• Your objective
Please quote exactly the lines below from the line containing "text \<open>Element of" to the line containing "I = (\<Sum>i\<in>I.", both lines included, and nothing else.

• Provided material
*** Begin section ***

(* Let $2\le k<n$ and let $\pi_\bullet$ be an integral point of the tropical Grassmannian $\mathrm{Trop}\,\mathrm{Gr}(k,n)$ (equivalently, a representative of an integral point of $\mathrm{Trop}\,X(k,n)$). Then there is a weak scaffold $(Q,\mathbf z)$ whose tropical Plücker vector is equal to $\pi_\bullet$ modulo the lineality space $L_{k,n}$.
   Context: $\mathrm{Trop}\,\mathrm{Gr}(k,n)\subset\mathbb R^{\binom{[n]}{k}}$ is the closure of the set of vectors $(\mathrm{val}\,p_I(V))_I$ where $V$ ranges over points of the Grassmannian over Puiseux series all of whose Plücker coordinates $p_I$ are nonzero. The lineality space $L_{k,n}$ is spanned by $\sum_{I\ni i}e^I$, $i\in[n]$; $\mathrm{Trop}\,X(k,n)$ is the quotient by it, and a point is integral if it has a representative in $\mathbb Z^{\binom{[n]}{k}}$. The Dressian $\mathrm{Dr}(k,n)$ is the set of $\pi_\bullet$ such that for every $S\in\binom{[n]}{k-2}$ and $a<b<c<d$ in $[n]\setminus S$ the minimum of $\pi_{Sab}+\pi_{Scd},\pi_{Sac}+\pi_{Sbd},\pi_{Sad}+\pi_{Sbc}$ is attained at least twice. Let $Q$ be a finite loopless directed graph with $\mathbf z=(z_1,\dots,z_n)\in V(Q)^n$ (not necessarily distinct). Directed distance $\delta(v,w)$ is the minimum total length of a walk from $v$ to $w$, where each edge $v\to w$ may be traversed forwards at cost 1 or backwards at cost $k-1$; it is assumed all such distances are finite and that for every edge $v\to w$ one has $\delta(v,w)=1$ and $\delta(w,v)=k-1$. The Fermat–Le distance sum is $\Sigma_Q(I)=\min_{x\in V(Q)}\sum_{i\in I}\delta(x,z_i)$ for $I\in\binom{[n]}{k}$, and the tropical Plücker vector of $(Q,\mathbf z)$ is $\pi_I=-\frac1k\Sigma_Q(I)$. A coloring is $c:V(Q)\to\mathbb Z/k$ with $c(w)=c(v)+1$ for each edge $v\to w$. $(Q,\mathbf z)$ is a weak scaffold if its tropical Plücker vector lies in $\mathrm{Dr}(k,n)$ and $Q$ admits a coloring. *)

theory Defs
  imports "HOL-Analysis.Analysis"
          "HOL-Computational_Algebra.Formal_Laurent_Series"
          "HOL-Combinatorics.Permutations"
begin

text \<open>Ground set [n] is rendered as {0..<n}. Vectors in R^(binom [n] k) are
  functions nat set => real; only their values on k-subsets of {0..<n} matter.\<close>

definition ksubsets :: "nat \<Rightarrow> nat \<Rightarrow> nat set set" where
  "ksubsets k n = {I. I \<subseteq> {0..<n} \<and> card I = k}"

definition nth_elem :: "nat set \<Rightarrow> nat \<Rightarrow> nat" where
  "nth_elem I j = sorted_list_of_set I ! j"

definition minor :: "nat \<Rightarrow> (nat \<Rightarrow> nat \<Rightarrow> 'a::comm_ring_1) \<Rightarrow> nat set \<Rightarrow> 'a" where
  "minor k M I = (\<Sum>p | p permutes {0..<k}.
       of_int (sign p) * (\<Prod>i<k. M i (nth_elem I (p i))))"

text \<open>A matrix over
  Puiseux series has all entries in C((t^(1/N))) for some N >= 1; writing
  s = t^(1/N), the valuation of a Puiseux series equals (1/N) times the order
  (fls_subdegree) in s.\<close>
definition trop_gr_realizable :: "nat \<Rightarrow> nat \<Rightarrow> (nat set \<Rightarrow> real) set" where
  "trop_gr_realizable k n =
     {\<pi>. \<exists>(N::nat) (M :: nat \<Rightarrow> nat \<Rightarrow> complex fls). N \<ge> 1 \<and>
          (\<forall>I\<in>ksubsets k n. minor k M I \<noteq> 0 \<and>
               \<pi> I = real_of_int (fls_subdegree (minor k M I)) / real N)}"

definition trop_gr :: "nat \<Rightarrow> nat \<Rightarrow> (nat set \<Rightarrow> real) set" where
  "trop_gr k n = {\<pi>. \<forall>\<epsilon>>0. \<exists>\<sigma>\<in>trop_gr_realizable k n.
                        \<forall>I\<in>ksubsets k n. \<bar>\<pi> I - \<sigma> I\<bar> < \<epsilon>}"

text \<open>Element of the lineality space L_{k,n} with coefficients \<lambda>:
  sum_i \<lambda>_i sum_{I containing i} e^I.\<close>
definition lineality_vec :: "(nat \<Rightarrow> real) \<Rightarrow> nat set \<Rightarrow> real" where
  "lineality_vec c I = (\<Sum>i\<in>I. c i)"

definition equiv_mod_lineality :: "nat \<Rightarrow> nat \<Rightarrow> (nat set \<Rightarrow> real) \<Rightarrow> (nat set \<Rightarrow> real) \<Rightarrow> bool" where
  "equiv_mod_lineality k n \<pi> \<sigma> \<longleftrightarrow>
     (\<exists>lam. \<forall>I\<in>ksubsets k n. \<pi> I = \<sigma> I + lineality_vec lam I)"

definition integral_mod_lineality :: "nat \<Rightarrow> nat \<Rightarrow> (nat set \<Rightarrow> real) \<Rightarrow> bool" where
  "integral_mod_lineality k n \<pi> \<longleftrightarrow>
     (\<exists>lam. \<forall>I\<in>ksubsets k n. \<pi> I + lineality_vec lam I \<in> \<int>)"

definition dressian :: "nat \<Rightarrow> nat \<Rightarrow> (nat set \<Rightarrow> real) set" where
  "dressian k n = {\<pi>. \<forall>S a b c d. S \<in> ksubsets (k-2) n \<and>
       a < b \<and> b < c \<and> c < d \<and> d < n \<and> a \<notin> S \<and> b \<notin> S \<and> c \<notin> S \<and> d \<notin> S \<longrightarrow>
       (let x = \<pi> (insert a (insert b S)) + \<pi> (insert c (insert d S));
            y = \<pi> (insert a (insert c S)) + \<pi> (insert b (insert d S));
            z = \<pi> (insert a (insert d S)) + \<pi> (insert b (insert c S));
            m = min x (min y z)
        in (x = m \<and> y = m) \<or> (x = m \<and> z = m) \<or> (y = m \<and> z = m))}"

inductive walk_cost :: "nat \<Rightarrow> (nat \<times> nat) set \<Rightarrow> nat \<Rightarrow> nat \<Rightarrow> nat \<Rightarrow> bool"
  for k E where
  nil: "walk_cost k E v v 0"
| fwd: "(v, u) \<in> E \<Longrightarrow> walk_cost k E u w c \<Longrightarrow> walk_cost k E v w (c + 1)"
| bwd: "(u, v) \<in> E \<Longrightarrow> walk_cost k E u w c \<Longrightarrow> walk_cost k E v w (c + (k - 1))"

definition ddist :: "nat \<Rightarrow> (nat \<times> nat) set \<Rightarrow> nat \<Rightarrow> nat \<Rightarrow> nat" where
  "ddist k E v w = (LEAST c. walk_cost k E v w c)"

definition fl_sum :: "nat \<Rightarrow> nat set \<Rightarrow> (nat \<times> nat) set \<Rightarrow> (nat \<Rightarrow> nat) \<Rightarrow> nat set \<Rightarrow> nat" where
  "fl_sum k V E z I = Min ((\<lambda>x. \<Sum>i\<in>I. ddist k E x (z i)) ` V)"

definition trop_pluecker :: "nat \<Rightarrow> nat set \<Rightarrow> (nat \<times> nat) set \<Rightarrow> (nat \<Rightarrow> nat) \<Rightarrow> nat set \<Rightarrow> real" where
  "trop_pluecker k V E z I = - real (fl_sum k V E z I) / real k"

definition valid_quiver :: "nat \<Rightarrow> nat \<Rightarrow> nat set \<Rightarrow> (nat \<times> nat) set \<Rightarrow> (nat \<Rightarrow> nat) \<Rightarrow> bool" where
  "valid_quiver k n V E z \<longleftrightarrow>
     finite V \<and> E \<subseteq> V \<times> V \<and> (\<forall>v. (v, v) \<notin> E) \<and> (\<forall>i<n. z i \<in> V) \<and>
     (\<forall>v\<in>V. \<forall>w\<in>V. \<exists>c. walk_cost k E v w c) \<and>
     (\<forall>(v, w)\<in>E. ddist k E v w = 1 \<and> ddist k E w v = k - 1)"

definition has_coloring :: "nat \<Rightarrow> nat set \<Rightarrow> (nat \<times> nat) set \<Rightarrow> bool" where
  "has_coloring k V E \<longleftrightarrow>
     (\<exists>col :: nat \<Rightarrow> int. \<forall>(v, w)\<in>E. col w mod int k = (col v + 1) mod int k)"

definition weak_scaffold :: "nat \<Rightarrow> nat \<Rightarrow> nat set \<Rightarrow> (nat \<times> nat) set \<Rightarrow> (nat \<Rightarrow> nat) \<Rightarrow> bool" where
  "weak_scaffold k n V E z \<longleftrightarrow>
     valid_quiver k n V E z \<and> trop_pluecker k V E z \<in> dressian k n \<and> has_coloring k V E"

end

theory Submission
  imports Defs "Jordan_Normal_Form.Determinant" "HOL-Combinatorics.List_Permutation"
    "HOL-Library.Nat_Bijection"
begin

text \<open>Points of the tropical Grassmannian satisfy the three-term tropical Pluecker relations:
  for realizable points this follows from the classical three-term relations among maximal
  minors, since the minimal valuation of three nonzero Puiseux series with sum zero is
  attained twice, and the condition is closed. So \<open>\<pi>\<close> lies in the Dressian, which is stable
  under the lineality space. After a lineality shift, \<open>-\<pi>\<close> becomes a vector \<open>L\<close> of positive
  integers with \<open>M \<le> L\<^sub>I \<le> M + A\<close> and \<open>k A < M\<close>. The quiver has, for every \<open>k\<close>-subset
  \<open>I\<close>, a hub joined to the leaves \<open>z\<^sub>i\<close>, \<open>i \<in> I\<close>, by directed paths of length \<open>L\<^sub>I\<close>. A height
  function shows that edges have distances \<open>1\<close> and \<open>k - 1\<close> and gives the coloring. The hub of
  \<open>J\<close> shows \<open>\<Sigma>\<^sub>Q(J) \<le> k L\<^sub>J\<close>; conversely, potentials bounding the distances to the leaves
  from below add up to at least \<open>k L\<^sub>J\<close> at every vertex, because the lengths are almost
  constant. Hence the tropical Pluecker vector of the quiver is \<open>-L\<close>.\<close>

section \<open>Maximal minors and the three-term Pluecker relations\<close>

definition det_cols :: "nat \<Rightarrow> (nat \<Rightarrow> 'a::comm_ring_1) list \<Rightarrow> 'a" where
  "det_cols k cs = Determinant.det (Matrix.mat k k (\<lambda>(i, j). (cs ! j) i))"

lemma minor_eq_det_cols:
  assumes "card I = k"
  shows "minor k M I = det_cols k (map (\<lambda>c i. M i c) (sorted_list_of_set I))"
proof -
  have "p i < k" if "p permutes {..<k}" "i < k" for p i
    using that permutes_in_image by fastforce
  then show ?thesis
    using assms
    unfolding minor_def det_cols_def Determinant.det_def
    by (auto simp: atLeast0LessThan nth_elem_def intro!: sum.cong prod.cong)
qed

*** End section ***

• Response to the task
text \<open>Element of the lineality space L_{k,n} with coefficients \<lambda>:
  sum_i \<lambda>_i sum_{I containing i} e^I.\<close>
definition lineality_vec :: "(nat \<Rightarrow> real) \<Rightarrow> nat set \<Rightarrow> real" where
  "lineality_vec c I = (\<Sum>i\<in>I. c i)"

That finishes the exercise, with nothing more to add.